Why we prefer tangible investments … like cows and blueberries

Recently, my husband and I were discussing the intricacies of cryptocurrencies. We agreed neither of us really understand these assets, and therefore (even if we had the money to do so) they would make lousy investments for us. My husband did some research to get a better handle on the subject to justify our initial thoughts.

In the wake of the whole Sam Bankman-Fried scandal, there are many others questioning the wisdom of investing in cryptocurrencies. Like every other financial bubble in the past, a frightening number of people got caught up in the frenzy, tragically sunk their life savings into it and got wiped out. (Remember the tulip mania bubble?)

That’s the problem with non-tangible investments, you see. At least tulips are real; but what is a Bitcoin, really? Or an Etherium or Dogecoin or any of the literally thousands of other cryptocurrencies out there (over 9,000 varieties as of a recent count)? Do they truly exist and have actual value, or are they simply computer algorithms that people became convinced are actually worth something?
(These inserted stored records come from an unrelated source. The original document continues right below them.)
(* Let $p\in k^\times$, $A_p=k\langle x_1,x_2\rangle/(x_2x_1-px_1x_2)$, and $K$ a Hopf algebra with bijective antipode $S$ such that $A_p$ is a right $K$-comodule algebra via $\rho(x_i)=x_1\otimes y_{1i}+x_2\otimes y_{2i}$, with homological codeterminant ${\sf D}$. Then $$S(y_{11})=y_{22}{\sf D}^{-1},\quad S(y_{12})=-p\,y_{12}{\sf D}^{-1},\quad S(y_{21})=-p^{-1}y_{21}{\sf D}^{-1},\quad S(y_{22})=y_{11}{\sf D}^{-1}.$$
   Context: The Ext-algebra of $A_p$ is $E=k\langle x_1^*,x_2^*\rangle/(x_2^*x_1^*+p^{-1}x_1^*x_2^*,(x_1^* )^2,(x_2^* )^2)$, a left $K$-comodule algebra via $\rho^!(x_i^* )=\sum_{s=1}^2y_{is}\otimes x_s^*$. The homological codeterminant is the grouplike ${\sf D}\in K$ with $\rho^!(x_1^*x_2^* )={\sf D}\otimes x_1^*x_2^*$. *)

theory Defs
  imports Complex_Main
begin

definition k_algebra :: "('k::field \<Rightarrow> 'a::ring_1 \<Rightarrow> 'a) \<Rightarrow> bool" where
  "k_algebra sc \<longleftrightarrow> Vector_Spaces.vector_space sc \<and>
     (\<forall>c x y. sc c (x * y) = sc c x * y \<and> sc c (x * y) = x * sc c y)"

text \<open>Elements of K (x) K (resp. K (x) K (x) K) are represented by finite lists of
  simple tensors; two representatives denote the same tensor iff all products of
  linear functionals agree on them (over a field, linear functionals separate tensors).\<close>
definition teq2 :: "('k::field \<Rightarrow> 'a::ring_1 \<Rightarrow> 'a) \<Rightarrow> ('a \<times> 'a) list \<Rightarrow> ('a \<times> 'a) list \<Rightarrow> bool" where
  "teq2 sc t u \<longleftrightarrow> (\<forall>f g. Vector_Spaces.linear sc (*) f \<longrightarrow> Vector_Spaces.linear sc (*) g \<longrightarrow>
      (\<Sum>(a,b)\<leftarrow>t. f a * g b) = (\<Sum>(a,b)\<leftarrow>u. f a * g b))"

definition teq3 :: "('k::field \<Rightarrow> 'a::ring_1 \<Rightarrow> 'a) \<Rightarrow> ('a \<times> 'a \<times> 'a) list \<Rightarrow> ('a \<times> 'a \<times> 'a) list \<Rightarrow> bool" where
  "teq3 sc t u \<longleftrightarrow> (\<forall>f g h. Vector_Spaces.linear sc (*) f \<longrightarrow> Vector_Spaces.linear sc (*) g \<longrightarrow>
      Vector_Spaces.linear sc (*) h \<longrightarrow>
      (\<Sum>(a,b,c)\<leftarrow>t. f a * g b * h c) = (\<Sum>(a,b,c)\<leftarrow>u. f a * g b * h c))"

definition hopf_algebra ::
  "('k::field \<Rightarrow> 'a::ring_1 \<Rightarrow> 'a) \<Rightarrow> ('a \<Rightarrow> ('a \<times> 'a) list) \<Rightarrow> ('a \<Rightarrow> 'k) \<Rightarrow> ('a \<Rightarrow> 'a) \<Rightarrow> bool" where
  "hopf_algebra sc Delta eps S \<longleftrightarrow>
     k_algebra sc \<and>
     \<comment> \<open>Delta is k-linear\<close>
     (\<forall>x y. teq2 sc (Delta (x + y)) (Delta x @ Delta y)) \<and>
     (\<forall>c x. teq2 sc (Delta (sc c x)) (map (\<lambda>(a,b). (sc c a, b)) (Delta x))) \<and>
     \<comment> \<open>Delta is an algebra map\<close>
     (\<forall>x y. teq2 sc (Delta (x * y)) [(a * c, b * d). (a,b) \<leftarrow> Delta x, (c,d) \<leftarrow> Delta y]) \<and>
     teq2 sc (Delta 1) [(1, 1)] \<and>
     \<comment> \<open>coassociativity\<close>
     (\<forall>x. teq3 sc [(a1, a2, b). (a,b) \<leftarrow> Delta x, (a1,a2) \<leftarrow> Delta a]
                  [(a, b1, b2). (a,b) \<leftarrow> Delta x, (b1,b2) \<leftarrow> Delta b]) \<and>
     \<comment> \<open>counit: a k-linear algebra map satisfying the counit laws\<close>
     Vector_Spaces.linear sc (*) eps \<and>
     (\<forall>x y. eps (x * y) = eps x * eps y) \<and> eps 1 = 1 \<and>
     (\<forall>x. (\<Sum>(a,b)\<leftarrow>Delta x. sc (eps a) b) = x) \<and>
     (\<forall>x. (\<Sum>(a,b)\<leftarrow>Delta x. sc (eps b) a) = x) \<and>
     \<comment> \<open>antipode\<close>
     Vector_Spaces.linear sc sc S \<and>
     (\<forall>x. (\<Sum>(a,b)\<leftarrow>Delta x. S a * b) = sc (eps x) 1) \<and>
     (\<forall>x. (\<Sum>(a,b)\<leftarrow>Delta x. a * S b) = sc (eps x) 1)"

text \<open>An element of (A (x) K) or (K (x) A), where A has PBW basis x1^a x2^b with
  x2 x1 = q x1 x2, is a function F with F a b the K-coefficient of x1^a x2^b.
  If ext is True, additionally x1^2 = x2^2 = 0 (exponents > 1 vanish).
  Multiplication: (x1^a1 x2^b1 (x) u)(x1^a2 x2^b2 (x) v) = q^(b1 a2) x1^(a1+a2) x2^(b1+b2) (x) uv.\<close>
definition qmul :: "('k::field \<Rightarrow> 'a::ring_1 \<Rightarrow> 'a) \<Rightarrow> 'k \<Rightarrow> bool \<Rightarrow>
    (nat \<Rightarrow> nat \<Rightarrow> 'a) \<Rightarrow> (nat \<Rightarrow> nat \<Rightarrow> 'a) \<Rightarrow> (nat \<Rightarrow> nat \<Rightarrow> 'a)" where
  "qmul sc q ext F G = (\<lambda>a b. if ext \<and> (a > 1 \<or> b > 1) then 0 else
     (\<Sum>a1\<le>a. \<Sum>b1\<le>b. sc (q ^ (b1 * (a - a1))) (F a1 b1 * G (a - a1) (b - b1))))"

definition lin2 :: "'a::zero \<Rightarrow> 'a \<Rightarrow> (nat \<Rightarrow> nat \<Rightarrow> 'a)" where
  "lin2 u1 u2 = (\<lambda>a b. if (a, b) = (1, 0) then u1 else if (a, b) = (0, 1) then u2 else 0)"

definition rho_gen :: "(nat \<Rightarrow> nat \<Rightarrow> 'a::zero) \<Rightarrow> nat \<Rightarrow> (nat \<Rightarrow> nat \<Rightarrow> 'a)" where
  "rho_gen y i = lin2 (y 1 i) (y 2 i)"

definition rhoE_gen :: "(nat \<Rightarrow> nat \<Rightarrow> 'a::zero) \<Rightarrow> nat \<Rightarrow> (nat \<Rightarrow> nat \<Rightarrow> 'a)" where
  "rhoE_gen y i = lin2 (y i 1) (y i 2)"

text \<open>Comodule axioms on the generators x1, x2 (equivalently x_1^*, x_2^* ):
  coassociativity gives Delta(y_ij) = sum_s y_is (x) y_sj and the counit axiom gives
  eps(y_ij) = delta_ij.  Since both sides of each comodule axiom are algebra maps,
  checking them on generators suffices.\<close>
definition comod_gens ::
  "('k::field \<Rightarrow> 'a::ring_1 \<Rightarrow> 'a) \<Rightarrow> ('a \<Rightarrow> ('a \<times> 'a) list) \<Rightarrow> ('a \<Rightarrow> 'k) \<Rightarrow> (nat \<Rightarrow> nat \<Rightarrow> 'a) \<Rightarrow> bool" where
  "comod_gens sc Delta eps y \<longleftrightarrow>
     (\<forall>i\<in>{1,2}. \<forall>j\<in>{1,2}. teq2 sc (Delta (y i j)) [(y i 1, y 1 j), (y i 2, y 2 j)] \<and>
                          eps (y i j) = (if i = j then 1 else 0))"

text \<open>A_p = k<x1,x2>/(x2 x1 - p x1 x2) is a right K-comodule algebra via rho:
  rho extends to an algebra map A_p -> A_p (x) K (i.e. the defining relation is respected
  in A_p (x) K) and the comodule axioms hold.\<close>
definition Ap_right_comodule_algebra ::
  "('k::field \<Rightarrow> 'a::ring_1 \<Rightarrow> 'a) \<Rightarrow> ('a \<Rightarrow> ('a \<times> 'a) list) \<Rightarrow> ('a \<Rightarrow> 'k) \<Rightarrow> 'k \<Rightarrow> (nat \<Rightarrow> nat \<Rightarrow> 'a) \<Rightarrow> bool" where
  "Ap_right_comodule_algebra sc Delta eps p y \<longleftrightarrow>
     qmul sc p False (rho_gen y 2) (rho_gen y 1)
       = (\<lambda>a b. sc p (qmul sc p False (rho_gen y 1) (rho_gen y 2) a b)) \<and>
     comod_gens sc Delta eps y"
I mean, fiat currency (like the dollar, created and guaranteed by the U.S. government) is only valuable because there is a groupthink agreeing it’s valuable; but at least such currencies have a long history as a means of exchange. But with cryptocurrencies, any “value” seemingly comes out of thin air.

Cryptocurrencies were originally hailed as an alternative to both fiat currency and digital currency. There was a lot of “sticking it to the man” attitude associated with it. Now even this benefit is questionable. According to this article, “Ever since Bitcoin’s launch in 2009, anonymity has been an absolutely fundamental tenet of cryptocurrency. The ability to make and receive payments incognito through a secure, decentralized platform without needing to register a named bank account, or even interact with established financial gatekeepers at any stage, was and remains a unique selling point for the asset. … In recent years, however, there have been several clear indications that cryptocurrency anonymity is under significant threat, and indeed could already have been mortally compromised by the U.S. intelligence apparatus.”
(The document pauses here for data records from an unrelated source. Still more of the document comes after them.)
lemma level_pruned_homogeneous: "level (pruned A n) n \<subseteq> A \<or> level (pruned A n) n \<inter> A = {}"
proof -
  have node: "t \<in> T" "finite t" "card t = n" if "t \<in> level (pruned A n) n" for t
    using that pruned_subset finite_node unfolding level_def by auto
  have "finite (stem T)" using stem_in_tree finite_node by blast
  show ?thesis
  proof (cases "n \<le> card (stem T)")
    case True
    \<comment> \<open>Level n then lies below the stem, where it has at most one node.\<close>
    have below: "init_seg t (stem T)" if "t \<in> level (pruned A n) n" for t
    proof (cases "init_seg (stem T) t")
      case True
      then have "stem T = t"
        using init_seg_card_le[OF True] init_seg_card_eq[OF True] node[OF that] \<open>n \<le> card (stem T)\<close>
        by simp
      then show ?thesis using init_seg_refl[OF \<open>finite (stem T)\<close>] by simp
    next
      case False
      then show ?thesis using comparable_stem[OF node(1)[OF that]] by blast
    qed
    have "t = t'" if "t \<in> level (pruned A n) n" "t' \<in> level (pruned A n) n" for t t'
      using init_seg_comparable[OF below[OF that(1)] below[OF that(2)]]
        init_seg_card_eq node[OF that(1)] node[OF that(2)] by metis
    then show ?thesis by blast
  next
    case False
    have "t \<in> A \<longleftrightarrow> colour A (n - card (stem T)) (stem T)" if "t \<in> level (pruned A n) n" for t
    proof -
      have "\<not> init_seg t (stem T)"
        using init_seg_card_le[OF _ \<open>finite (stem T)\<close>, of t] node[OF that] False by auto
      then have "init_seg (stem T) t" using comparable_stem[OF node(1)[OF that]] by blast
      moreover have "t \<in> pruned A n" using that unfolding level_def by blast
      ultimately have "colour A (n - card t) t = colour A (n - card (stem T)) (stem T)"
        using init_seg_refl[OF node(2)[OF that]] node(3)[OF that] unfolding pruned_def by blast
      then show ?thesis using node(3)[OF that] by simp
    qed
    then show ?thesis by blast
  qed
qed

end

theorem mainTheorem14:
  fixes U :: "nat set set" and alph :: "nat set \<Rightarrow> nat \<Rightarrow> nat"
    and n :: nat and A T :: "nat set set"
  assumes "nonprincipal_ultrafilter U"
    and "\<forall>s. finite s \<longrightarrow> nonstandard_hypernat U (alph s)"
    and "A \<subseteq> {s. finite s \<and> card s = n}"
    and "alpha_tree U alph T"
  shows "\<exists>S. alpha_tree U alph S \<and> S \<subseteq> T \<and> stem S = stem T \<and>
           (level S n \<subseteq> A \<or> level S n \<inter> A = {})"
proof -
  interpret alpha_tree_context U alph T
    using assms(1,2,4) by unfold_locales auto
  show ?thesis
    using pruned_alpha_tree stem_pruned pruned_subset level_pruned_homogeneous by blast
qed

end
Continuing from the article: “Leaked files … expose how intelligence services the world over can track cryptocurrency transactions to their source and therefore identify users by monitoring the movements of smartphone and Internet-of-Things (IoT) devices, such as Amazon Echo. The contents comprehensively detonate the myth of crypto anonymity, and have grave implications for individuals and states seeking to shield their financial activity from the prying eyes of hostile governments and authorities.”

There are other problems associated with cryptocurrencies. Aside from the fact that their only value rests on finding someone who will buy them from you (hopefully for more than you paid), they represent … nothing. They’re not “backed” by anything (labor, precious metals, or even “the full faith and credit of the United States government”). Their continued existence depends upon the indifference of controlling legal authorities, and that indifference can be shattered pretty quickly as soon as a government decides it’s not getting its cut.
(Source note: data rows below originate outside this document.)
(* Let $\mathfrak g$ be a finite-dimensional complex simple Lie algebra with invariant form $\langle\cdot,\cdot\rangle$, let $s,x\in\mathfrak g$ with $s$ semisimple, $x$ nilpotent and $[s,x]=0$, and write $\mathfrak g=\bigoplus_r\mathfrak g_r$ for the eigenspace decomposition of $\mathrm{ad}_s$. Let $\hat{\mathfrak g}_{g}$ be the Lie algebra with basis-linear generators $a^g_m$ ($a\in\mathfrak g_r$, $m\in r+\mathbb Z$, linear in $a$) and a central element $K$, with bracket $$[a^g_m,b^g_n]=[a,b]^g_{m+n}+\delta_{m,-n}\,\langle [x,a]+m a,\,b\rangle\,K\qquad(a\in\mathfrak g_{r_a},\ b\in\mathfrak g_{r_b}),$$ and let $\hat{\mathfrak g}=\mathfrak g\otimes\mathbb C[t,t^{-1}]\oplus\mathbb CK$ with $[a_m,b_n]=[a,b]_{m+n}+m\delta_{m,-n}\langle a,b\rangle K$ (where $a_m=a\otimes t^m$). Define $\eta(a)=\langle s+x,a\rangle K$. Then the linear map $$f:\hat{\mathfrak g}_g\to\hat{\mathfrak g},\qquad f(a^g_m)=a_{m-r}-\delta_{m,r}\,\eta(a)\quad(a\in\mathfrak g_r,\ m\in r+\mathbb Z),\qquad f(K)=K,$$ is an isomorphism of Lie algebras.
   Context: $\hat{\mathfrak g}_g$ is the $g$-twisted mode algebra of the affine vertex algebra for the inner automorphism $g=e^{-2\pi i(s+x)}$ (acting via $\mathrm{ad}$). Here $[a,b]\in\mathfrak g_{r_a+r_b}$, so $[a,b]^g_{m+n}$ is a well-defined generator. *)

theory Defs
  imports Main Complex_Main
begin

definition lie_algebra :: "(complex \<Rightarrow> 'g::ab_group_add \<Rightarrow> 'g) \<Rightarrow> ('g \<Rightarrow> 'g \<Rightarrow> 'g) \<Rightarrow> bool" where
  "lie_algebra sc br \<longleftrightarrow> vector_space sc
     \<and> (\<forall>a. Vector_Spaces.linear sc sc (br a))
     \<and> (\<forall>b. Vector_Spaces.linear sc sc (\<lambda>a. br a b))
     \<and> (\<forall>a. br a a = 0)
     \<and> (\<forall>a b c. br a (br b c) + br b (br c a) + br c (br a b) = 0)"

definition finite_dim :: "(complex \<Rightarrow> 'g::ab_group_add \<Rightarrow> 'g) \<Rightarrow> bool" where
  "finite_dim sc \<longleftrightarrow> (\<exists>S. finite S \<and> module.span sc S = UNIV)"

definition lie_ideal :: "(complex \<Rightarrow> 'g::ab_group_add \<Rightarrow> 'g) \<Rightarrow> ('g \<Rightarrow> 'g \<Rightarrow> 'g) \<Rightarrow> 'g set \<Rightarrow> bool" where
  "lie_ideal sc br I \<longleftrightarrow> module.subspace sc I \<and> (\<forall>a b. b \<in> I \<longrightarrow> br a b \<in> I)"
The prime example of this – and the model for the coming regulation-to-destruction of the private crypto market – is the actions of China, which has made the trade, transfer, creation and holding of all cryptocurrencies illegal. Why would China do this? For the same reasons that will soon be coming to your neighborhood: too much undocumented financial freedom in the hands of the citizens and not enough fiscal control for our “public servants.”

The other shortcomings of cryptocurrencies are important, such as the wild booms-and-busts that can occur when someone like Elon Musk says that Tesla will accept crypto, then changes his mind a few months later. Or that fact that crypto-mining uses more electricity per year than the nation of Finland. Or that something like 80% of all cryptocurrencies have failed, leaving tens of thousands of investors broke.

Besides, what happens when the power goes out or the system is hacked? How can you exchange cryptocurrency for that proverbial loaf of bread without electricity and a secure internet connection? (This also applies to digital currency, of course.)

This is why my husband and I have never liked the idea of cryptocurrencies or other intangibles, and have always been keen on tangible investments. Precious metals are the most common recommendation (especially by those in the business of selling them); but as the saying goes, you can’t eat gold or silver. For us, our preferred tangible investments involve things that reproduce (cows, chickens, garden plants). Among these tangible investments we include owning our small farm and woodcraft business. Each of these assets can (and do) produce income if managed correctly – something that cryptocurrencies simply can’t do.

My husband and I have always been outside-the-box thinkers anyway. Our notion of “investing” is far from conventional. During our younger years, we were so busy building our woodcraft business that we had no spare income to “invest” in traditional options such as retirement plans and the stock market. Now that we’re older and more financially stable, we know nothing about these intangible investments and don’t feel comfortable putting our hard-earned money someplace we don’t understand. (In the wake of the Sam Bankman-Fried scandal, apparently a lot of other people don’t understand it either.)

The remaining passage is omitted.